**Dataset excerpts**
----

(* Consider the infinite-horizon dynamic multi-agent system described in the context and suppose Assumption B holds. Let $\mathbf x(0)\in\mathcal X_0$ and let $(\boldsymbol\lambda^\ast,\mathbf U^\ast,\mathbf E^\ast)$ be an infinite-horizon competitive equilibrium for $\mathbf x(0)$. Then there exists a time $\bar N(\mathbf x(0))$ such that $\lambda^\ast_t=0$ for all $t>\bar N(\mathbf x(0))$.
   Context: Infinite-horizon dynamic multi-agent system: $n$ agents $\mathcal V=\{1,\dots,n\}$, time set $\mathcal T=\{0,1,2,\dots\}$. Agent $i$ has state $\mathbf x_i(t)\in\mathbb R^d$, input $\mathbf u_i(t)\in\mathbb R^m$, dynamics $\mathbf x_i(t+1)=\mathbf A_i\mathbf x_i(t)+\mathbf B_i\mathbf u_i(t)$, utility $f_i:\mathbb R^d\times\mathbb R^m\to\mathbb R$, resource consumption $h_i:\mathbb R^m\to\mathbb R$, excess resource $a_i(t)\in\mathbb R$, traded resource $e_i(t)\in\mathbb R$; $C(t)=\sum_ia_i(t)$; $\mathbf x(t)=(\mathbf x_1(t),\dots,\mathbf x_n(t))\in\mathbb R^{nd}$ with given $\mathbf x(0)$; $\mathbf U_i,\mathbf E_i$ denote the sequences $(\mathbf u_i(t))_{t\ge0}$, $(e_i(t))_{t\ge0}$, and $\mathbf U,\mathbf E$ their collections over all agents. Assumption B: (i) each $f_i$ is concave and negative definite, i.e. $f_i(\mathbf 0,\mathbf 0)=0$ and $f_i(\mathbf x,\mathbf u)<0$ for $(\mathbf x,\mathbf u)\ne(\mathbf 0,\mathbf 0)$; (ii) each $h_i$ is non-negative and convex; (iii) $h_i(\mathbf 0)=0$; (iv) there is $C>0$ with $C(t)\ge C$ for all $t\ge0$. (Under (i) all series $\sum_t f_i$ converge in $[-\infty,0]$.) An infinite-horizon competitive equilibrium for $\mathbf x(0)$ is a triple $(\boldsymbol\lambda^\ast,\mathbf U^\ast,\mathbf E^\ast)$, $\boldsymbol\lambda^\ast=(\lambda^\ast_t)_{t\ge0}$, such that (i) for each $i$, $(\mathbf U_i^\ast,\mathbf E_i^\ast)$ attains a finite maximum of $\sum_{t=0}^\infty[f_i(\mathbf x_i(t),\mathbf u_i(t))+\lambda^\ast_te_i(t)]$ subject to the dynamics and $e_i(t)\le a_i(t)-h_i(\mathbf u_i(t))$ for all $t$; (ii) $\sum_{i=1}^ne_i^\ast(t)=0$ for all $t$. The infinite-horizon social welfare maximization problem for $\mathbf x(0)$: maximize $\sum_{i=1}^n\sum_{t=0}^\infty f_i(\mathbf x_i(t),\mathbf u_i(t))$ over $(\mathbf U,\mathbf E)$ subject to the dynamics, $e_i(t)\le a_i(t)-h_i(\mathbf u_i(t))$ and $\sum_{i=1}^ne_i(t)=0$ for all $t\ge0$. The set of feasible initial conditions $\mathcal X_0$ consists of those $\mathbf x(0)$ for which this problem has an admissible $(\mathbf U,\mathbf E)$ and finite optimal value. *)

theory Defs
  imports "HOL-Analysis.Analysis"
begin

----

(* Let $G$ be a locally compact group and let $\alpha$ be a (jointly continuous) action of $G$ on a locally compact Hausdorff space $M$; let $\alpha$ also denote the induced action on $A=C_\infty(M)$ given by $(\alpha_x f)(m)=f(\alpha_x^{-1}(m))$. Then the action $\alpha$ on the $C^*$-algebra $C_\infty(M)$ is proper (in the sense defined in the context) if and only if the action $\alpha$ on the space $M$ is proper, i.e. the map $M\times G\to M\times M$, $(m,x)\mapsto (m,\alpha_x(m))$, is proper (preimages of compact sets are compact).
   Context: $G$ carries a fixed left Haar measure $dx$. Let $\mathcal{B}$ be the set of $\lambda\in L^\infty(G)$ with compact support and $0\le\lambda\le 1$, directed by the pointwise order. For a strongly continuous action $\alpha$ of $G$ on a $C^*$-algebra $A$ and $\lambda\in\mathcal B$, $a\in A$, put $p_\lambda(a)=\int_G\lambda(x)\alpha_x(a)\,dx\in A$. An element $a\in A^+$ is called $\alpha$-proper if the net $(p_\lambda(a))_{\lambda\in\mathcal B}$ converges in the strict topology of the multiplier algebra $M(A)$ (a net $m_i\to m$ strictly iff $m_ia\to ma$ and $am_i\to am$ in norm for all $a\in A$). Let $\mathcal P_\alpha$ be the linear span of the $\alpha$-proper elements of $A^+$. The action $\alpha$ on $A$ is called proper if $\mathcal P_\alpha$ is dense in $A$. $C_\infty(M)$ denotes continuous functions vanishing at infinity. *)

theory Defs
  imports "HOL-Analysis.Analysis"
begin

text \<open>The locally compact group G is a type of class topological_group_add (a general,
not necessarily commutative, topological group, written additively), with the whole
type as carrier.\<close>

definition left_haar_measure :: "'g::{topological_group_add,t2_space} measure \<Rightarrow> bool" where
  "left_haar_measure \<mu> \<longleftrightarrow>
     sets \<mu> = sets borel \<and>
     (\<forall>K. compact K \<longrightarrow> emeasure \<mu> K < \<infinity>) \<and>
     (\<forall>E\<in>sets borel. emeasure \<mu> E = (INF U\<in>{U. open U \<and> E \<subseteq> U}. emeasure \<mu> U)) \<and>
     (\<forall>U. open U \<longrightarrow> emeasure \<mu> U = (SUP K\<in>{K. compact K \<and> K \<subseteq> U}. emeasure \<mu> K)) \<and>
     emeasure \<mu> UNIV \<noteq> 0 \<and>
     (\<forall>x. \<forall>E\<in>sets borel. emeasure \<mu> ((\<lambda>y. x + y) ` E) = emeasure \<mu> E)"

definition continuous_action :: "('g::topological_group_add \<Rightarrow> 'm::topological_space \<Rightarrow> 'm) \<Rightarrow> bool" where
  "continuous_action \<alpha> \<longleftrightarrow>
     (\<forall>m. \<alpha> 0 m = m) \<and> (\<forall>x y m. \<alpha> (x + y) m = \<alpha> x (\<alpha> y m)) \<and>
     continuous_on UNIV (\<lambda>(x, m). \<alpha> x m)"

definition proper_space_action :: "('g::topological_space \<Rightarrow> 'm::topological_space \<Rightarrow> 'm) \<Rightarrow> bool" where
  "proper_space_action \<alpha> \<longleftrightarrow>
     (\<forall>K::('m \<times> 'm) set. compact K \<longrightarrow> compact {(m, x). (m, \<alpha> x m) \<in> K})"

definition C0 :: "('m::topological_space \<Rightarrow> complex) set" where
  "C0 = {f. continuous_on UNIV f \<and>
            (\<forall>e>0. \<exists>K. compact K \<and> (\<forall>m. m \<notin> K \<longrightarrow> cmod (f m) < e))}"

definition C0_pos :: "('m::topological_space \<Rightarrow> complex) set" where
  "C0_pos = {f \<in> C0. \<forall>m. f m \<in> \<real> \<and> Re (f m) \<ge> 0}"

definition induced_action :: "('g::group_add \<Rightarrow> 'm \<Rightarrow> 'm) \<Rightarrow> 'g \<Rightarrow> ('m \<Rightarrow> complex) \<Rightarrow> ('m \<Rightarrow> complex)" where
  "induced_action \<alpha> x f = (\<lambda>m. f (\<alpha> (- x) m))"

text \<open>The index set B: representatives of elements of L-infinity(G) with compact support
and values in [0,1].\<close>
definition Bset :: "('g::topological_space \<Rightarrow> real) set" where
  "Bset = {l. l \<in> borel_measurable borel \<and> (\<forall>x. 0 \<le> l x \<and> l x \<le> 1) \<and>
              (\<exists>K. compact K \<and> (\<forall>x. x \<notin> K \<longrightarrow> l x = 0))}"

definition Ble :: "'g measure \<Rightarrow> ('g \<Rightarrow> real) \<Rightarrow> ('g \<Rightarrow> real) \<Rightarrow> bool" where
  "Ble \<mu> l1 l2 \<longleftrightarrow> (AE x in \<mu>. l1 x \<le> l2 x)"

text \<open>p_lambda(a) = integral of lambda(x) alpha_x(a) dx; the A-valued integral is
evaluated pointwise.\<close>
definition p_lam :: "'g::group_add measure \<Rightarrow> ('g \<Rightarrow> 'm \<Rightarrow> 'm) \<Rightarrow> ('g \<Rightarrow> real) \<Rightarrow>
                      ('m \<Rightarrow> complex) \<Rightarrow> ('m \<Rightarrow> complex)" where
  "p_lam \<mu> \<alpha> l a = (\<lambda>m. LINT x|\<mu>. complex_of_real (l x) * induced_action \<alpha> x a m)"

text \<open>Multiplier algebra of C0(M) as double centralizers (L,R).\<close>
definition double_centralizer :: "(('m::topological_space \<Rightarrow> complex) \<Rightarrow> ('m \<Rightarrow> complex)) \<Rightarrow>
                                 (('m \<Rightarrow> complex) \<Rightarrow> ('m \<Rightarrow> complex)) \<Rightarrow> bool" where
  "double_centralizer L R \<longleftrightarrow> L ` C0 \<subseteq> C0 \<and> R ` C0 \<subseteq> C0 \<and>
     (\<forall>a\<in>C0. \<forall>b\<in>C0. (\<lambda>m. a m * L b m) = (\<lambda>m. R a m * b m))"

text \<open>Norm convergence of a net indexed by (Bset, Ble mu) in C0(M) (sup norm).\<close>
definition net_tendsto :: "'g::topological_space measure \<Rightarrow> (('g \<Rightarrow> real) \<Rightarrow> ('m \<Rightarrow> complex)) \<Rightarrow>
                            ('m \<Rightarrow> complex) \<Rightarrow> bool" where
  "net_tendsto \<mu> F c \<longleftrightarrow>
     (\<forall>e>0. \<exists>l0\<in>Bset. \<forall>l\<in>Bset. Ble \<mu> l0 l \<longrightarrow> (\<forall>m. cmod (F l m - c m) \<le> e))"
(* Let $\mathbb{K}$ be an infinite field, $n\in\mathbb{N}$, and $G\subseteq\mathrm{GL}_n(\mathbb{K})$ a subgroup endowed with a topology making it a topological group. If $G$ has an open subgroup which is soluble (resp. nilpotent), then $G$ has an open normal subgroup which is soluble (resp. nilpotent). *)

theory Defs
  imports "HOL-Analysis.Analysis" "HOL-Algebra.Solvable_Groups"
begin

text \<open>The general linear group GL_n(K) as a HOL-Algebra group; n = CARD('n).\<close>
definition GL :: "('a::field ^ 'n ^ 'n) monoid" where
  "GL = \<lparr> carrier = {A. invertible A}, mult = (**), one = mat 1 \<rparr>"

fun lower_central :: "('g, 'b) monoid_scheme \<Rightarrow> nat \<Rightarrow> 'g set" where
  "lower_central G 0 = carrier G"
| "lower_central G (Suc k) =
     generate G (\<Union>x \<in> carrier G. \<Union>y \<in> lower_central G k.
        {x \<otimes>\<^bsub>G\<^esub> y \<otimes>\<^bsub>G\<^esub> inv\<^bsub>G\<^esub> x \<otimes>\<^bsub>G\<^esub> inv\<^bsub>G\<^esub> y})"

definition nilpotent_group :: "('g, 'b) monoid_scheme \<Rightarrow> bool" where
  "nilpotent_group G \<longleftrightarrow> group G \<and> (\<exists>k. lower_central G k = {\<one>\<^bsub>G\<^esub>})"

----

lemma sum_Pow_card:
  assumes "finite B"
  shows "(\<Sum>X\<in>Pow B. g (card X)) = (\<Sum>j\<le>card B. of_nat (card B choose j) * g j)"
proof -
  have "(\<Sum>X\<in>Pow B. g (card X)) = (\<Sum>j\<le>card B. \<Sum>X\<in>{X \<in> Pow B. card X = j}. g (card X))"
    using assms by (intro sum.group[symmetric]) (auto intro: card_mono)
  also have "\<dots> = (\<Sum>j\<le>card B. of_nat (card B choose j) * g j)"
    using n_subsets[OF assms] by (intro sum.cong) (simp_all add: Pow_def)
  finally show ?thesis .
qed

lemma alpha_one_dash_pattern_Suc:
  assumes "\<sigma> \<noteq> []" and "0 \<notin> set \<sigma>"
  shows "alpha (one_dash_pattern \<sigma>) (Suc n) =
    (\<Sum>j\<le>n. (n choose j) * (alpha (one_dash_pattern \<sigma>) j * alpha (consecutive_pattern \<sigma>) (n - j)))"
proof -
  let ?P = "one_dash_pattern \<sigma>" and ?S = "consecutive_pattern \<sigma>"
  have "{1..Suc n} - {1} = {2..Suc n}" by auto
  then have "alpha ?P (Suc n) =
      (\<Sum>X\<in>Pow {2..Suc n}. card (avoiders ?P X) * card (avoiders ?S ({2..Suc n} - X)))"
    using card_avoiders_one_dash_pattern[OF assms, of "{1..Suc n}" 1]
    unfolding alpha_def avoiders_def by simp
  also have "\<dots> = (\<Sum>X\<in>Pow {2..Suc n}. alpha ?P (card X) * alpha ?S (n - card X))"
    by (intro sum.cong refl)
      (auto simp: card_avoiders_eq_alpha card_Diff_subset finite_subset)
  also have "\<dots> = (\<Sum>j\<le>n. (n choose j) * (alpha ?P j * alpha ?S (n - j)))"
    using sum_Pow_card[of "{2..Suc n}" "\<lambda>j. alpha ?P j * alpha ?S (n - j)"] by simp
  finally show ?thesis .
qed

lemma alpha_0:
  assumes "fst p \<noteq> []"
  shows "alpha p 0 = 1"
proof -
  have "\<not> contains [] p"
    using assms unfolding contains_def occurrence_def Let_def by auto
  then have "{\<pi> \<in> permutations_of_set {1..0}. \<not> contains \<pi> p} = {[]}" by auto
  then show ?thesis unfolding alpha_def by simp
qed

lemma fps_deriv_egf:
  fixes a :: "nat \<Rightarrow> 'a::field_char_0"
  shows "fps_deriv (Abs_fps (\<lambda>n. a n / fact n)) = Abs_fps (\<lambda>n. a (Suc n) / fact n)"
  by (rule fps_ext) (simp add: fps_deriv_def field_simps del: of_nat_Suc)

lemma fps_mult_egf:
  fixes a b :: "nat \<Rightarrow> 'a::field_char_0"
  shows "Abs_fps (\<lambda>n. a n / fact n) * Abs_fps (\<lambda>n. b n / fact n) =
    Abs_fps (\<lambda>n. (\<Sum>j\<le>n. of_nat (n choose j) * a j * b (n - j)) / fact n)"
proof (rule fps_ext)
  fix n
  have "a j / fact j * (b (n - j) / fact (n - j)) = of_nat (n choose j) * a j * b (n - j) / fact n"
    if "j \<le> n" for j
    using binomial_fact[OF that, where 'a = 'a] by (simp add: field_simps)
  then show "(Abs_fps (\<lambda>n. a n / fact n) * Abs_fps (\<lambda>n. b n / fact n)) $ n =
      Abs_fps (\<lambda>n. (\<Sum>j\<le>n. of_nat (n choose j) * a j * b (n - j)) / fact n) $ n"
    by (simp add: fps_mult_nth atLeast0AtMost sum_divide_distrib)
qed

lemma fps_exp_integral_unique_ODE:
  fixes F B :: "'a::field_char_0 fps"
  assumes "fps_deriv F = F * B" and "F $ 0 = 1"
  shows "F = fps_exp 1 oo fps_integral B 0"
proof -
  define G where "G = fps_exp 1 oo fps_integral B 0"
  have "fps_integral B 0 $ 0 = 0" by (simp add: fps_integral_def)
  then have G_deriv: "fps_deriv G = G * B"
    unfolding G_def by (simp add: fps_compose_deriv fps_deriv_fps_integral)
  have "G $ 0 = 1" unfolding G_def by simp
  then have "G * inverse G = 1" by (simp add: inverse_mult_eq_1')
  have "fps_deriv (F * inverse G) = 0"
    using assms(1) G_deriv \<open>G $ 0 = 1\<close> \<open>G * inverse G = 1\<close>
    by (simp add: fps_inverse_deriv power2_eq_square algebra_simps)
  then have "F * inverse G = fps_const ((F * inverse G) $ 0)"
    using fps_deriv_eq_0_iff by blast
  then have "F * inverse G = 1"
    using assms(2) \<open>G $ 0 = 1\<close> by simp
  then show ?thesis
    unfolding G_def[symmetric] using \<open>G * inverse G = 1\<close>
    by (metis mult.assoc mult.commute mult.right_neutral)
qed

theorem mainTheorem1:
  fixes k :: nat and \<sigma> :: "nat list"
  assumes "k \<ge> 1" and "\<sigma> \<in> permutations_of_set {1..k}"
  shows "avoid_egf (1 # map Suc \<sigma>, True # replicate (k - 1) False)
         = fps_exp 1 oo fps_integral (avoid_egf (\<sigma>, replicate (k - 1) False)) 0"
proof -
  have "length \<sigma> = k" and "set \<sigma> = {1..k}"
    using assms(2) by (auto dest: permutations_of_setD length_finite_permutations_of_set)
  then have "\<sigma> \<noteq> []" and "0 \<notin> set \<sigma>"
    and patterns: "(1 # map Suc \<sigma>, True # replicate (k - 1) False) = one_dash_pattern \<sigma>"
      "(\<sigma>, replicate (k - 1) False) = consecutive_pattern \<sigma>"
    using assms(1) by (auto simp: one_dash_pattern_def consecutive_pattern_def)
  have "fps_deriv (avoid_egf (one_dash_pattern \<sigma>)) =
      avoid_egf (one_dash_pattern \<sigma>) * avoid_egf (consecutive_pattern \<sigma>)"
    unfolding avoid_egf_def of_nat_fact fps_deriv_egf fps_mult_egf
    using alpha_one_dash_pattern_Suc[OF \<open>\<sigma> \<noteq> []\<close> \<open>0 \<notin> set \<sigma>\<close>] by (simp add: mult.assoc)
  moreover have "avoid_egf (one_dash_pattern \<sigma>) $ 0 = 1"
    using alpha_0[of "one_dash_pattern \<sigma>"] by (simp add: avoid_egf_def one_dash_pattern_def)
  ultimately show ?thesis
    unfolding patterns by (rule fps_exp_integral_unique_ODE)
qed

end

----

**Task to carry out**
A verbatim transcription is needed of the lines above, starting at the line with "using assms(1) G_deriv" and ending at the line with "using assms(2) \<open>G", both included, and of nothing else.

**Answer to the problem**
    using assms(1) G_deriv \<open>G $ 0 = 1\<close> \<open>G * inverse G = 1\<close>
    by (simp add: fps_inverse_deriv power2_eq_square algebra_simps)
  then have "F * inverse G = fps_const ((F * inverse G) $ 0)"
    using fps_deriv_eq_0_iff by blast
  then have "F * inverse G = 1"
    using assms(2) \<open>G $ 0 = 1\<close> by simp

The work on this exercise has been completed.